Tu as cherché «entraînement au sommeil – danger» sur les zinternets à 3h du mat’. Ou encore, quelqu’un dans ton groupe de moms t’a dit que laisser pleurer ton bébé allait briser votre lien d’attachement et le briser forever. Ou tu as toi-même des doutes… et tu veux des réponses solides, pas juste une opinion.
Je te comprends. Ces questions-là méritent mieux qu’un simple trust the process…
Alors voici ce que cinq études sérieuses ont trouvé sur l’entraînement au sommeil. Avec leurs forces. Avec leurs limites. Honnêtement.
Est-ce que l’entraînement au sommeil fonctionne vraiment ?

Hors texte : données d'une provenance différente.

(* Let $V$ be a finite nonempty set and $f:\{0,1\}^V\to\{0,1\}^V$. The conjugate of every subnetwork of $f$ is a bijection if and only if $f$ has no even-self-dual and no odd-self-dual subnetwork.
   Context: For $x,y\in\{0,1\}^V$, $x\oplus y$ is componentwise addition mod 2, $1$ denotes the all-ones point, and $\|x\|$ is the number of components of $x$ equal to $1$; $x$ is even (odd) if $\|x\|$ is even (odd). The conjugate of a network $g$ on $W$ is $\tilde g(x)=g(x)\oplus x$. For a nonempty $I\subseteq V$ and $z\in\{0,1\}^{V\setminus I}$, the subnetwork of $f$ induced by $z$ is the network $h:\{0,1\}^I\to\{0,1\}^I$ with $h(x|_I)=f(x)|_I$ for all $x\in\{0,1\}^V$ whose restriction to $V\setminus I$ equals $z$ ($f$ is a subnetwork of itself). A network $g$ on $W$ is self-dual if $g(x\oplus 1)=g(x)\oplus 1$ for all $x$; even (odd) if $\tilde g(\{0,1\}^W)$ is exactly the set of even (odd) points of $\{0,1\}^W$; even-self-dual (odd-self-dual) if both even (odd) and self-dual. *)

theory Defs
  imports Main
begin

text \<open>Points of {0,1}^I are represented as functions 'v => bool that are False outside I.
  The full vertex set V is the finite nonempty type 'v (V = UNIV).\<close>

definition points :: "'v set \<Rightarrow> ('v \<Rightarrow> bool) set" where
  "points I = {x. \<forall>v. v \<notin> I \<longrightarrow> \<not> x v}"

definition bxor :: "('v \<Rightarrow> bool) \<Rightarrow> ('v \<Rightarrow> bool) \<Rightarrow> ('v \<Rightarrow> bool)" where
  "bxor x y = (\<lambda>v. x v \<noteq> y v)"

definition ones :: "'v set \<Rightarrow> ('v \<Rightarrow> bool)" where
  "ones I = (\<lambda>v. v \<in> I)"

definition weight :: "'v set \<Rightarrow> ('v \<Rightarrow> bool) \<Rightarrow> nat" where
  "weight I x = card {v \<in> I. x v}"

definition conj_net :: "(('v \<Rightarrow> bool) \<Rightarrow> ('v \<Rightarrow> bool)) \<Rightarrow> ('v \<Rightarrow> bool) \<Rightarrow> ('v \<Rightarrow> bool)" where
  "conj_net g x = bxor (g x) x"

definition subnet :: "(('v \<Rightarrow> bool) \<Rightarrow> ('v \<Rightarrow> bool)) \<Rightarrow> 'v set \<Rightarrow> ('v \<Rightarrow> bool)
    \<Rightarrow> ('v \<Rightarrow> bool) \<Rightarrow> ('v \<Rightarrow> bool)" where
  "subnet f I z = (\<lambda>x. \<lambda>v. v \<in> I \<and> f (\<lambda>w. if w \<in> I then x w else z w) v)"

En 2006, des chercheurs mandatés par l’Académie américaine de médecine du sommeil ont analysé 52 études sur les interventions comportementales de sommeil chez les jeunes enfants. Pas une étude, cinquante-deux.

Résultat : dans 94 % des études, les interventions fonctionnaient. Plus de 80 % des enfants montraient une amélioration réelle, qui tenait encore 3 à 6 mois plus tard.
Ce que ça ne dit pas : ça ne valide pas une méthode précise. Ça dit que les approches comportementales comme catégorie donnent des résultats. C’est la fondation sur laquelle le reste s’appuie.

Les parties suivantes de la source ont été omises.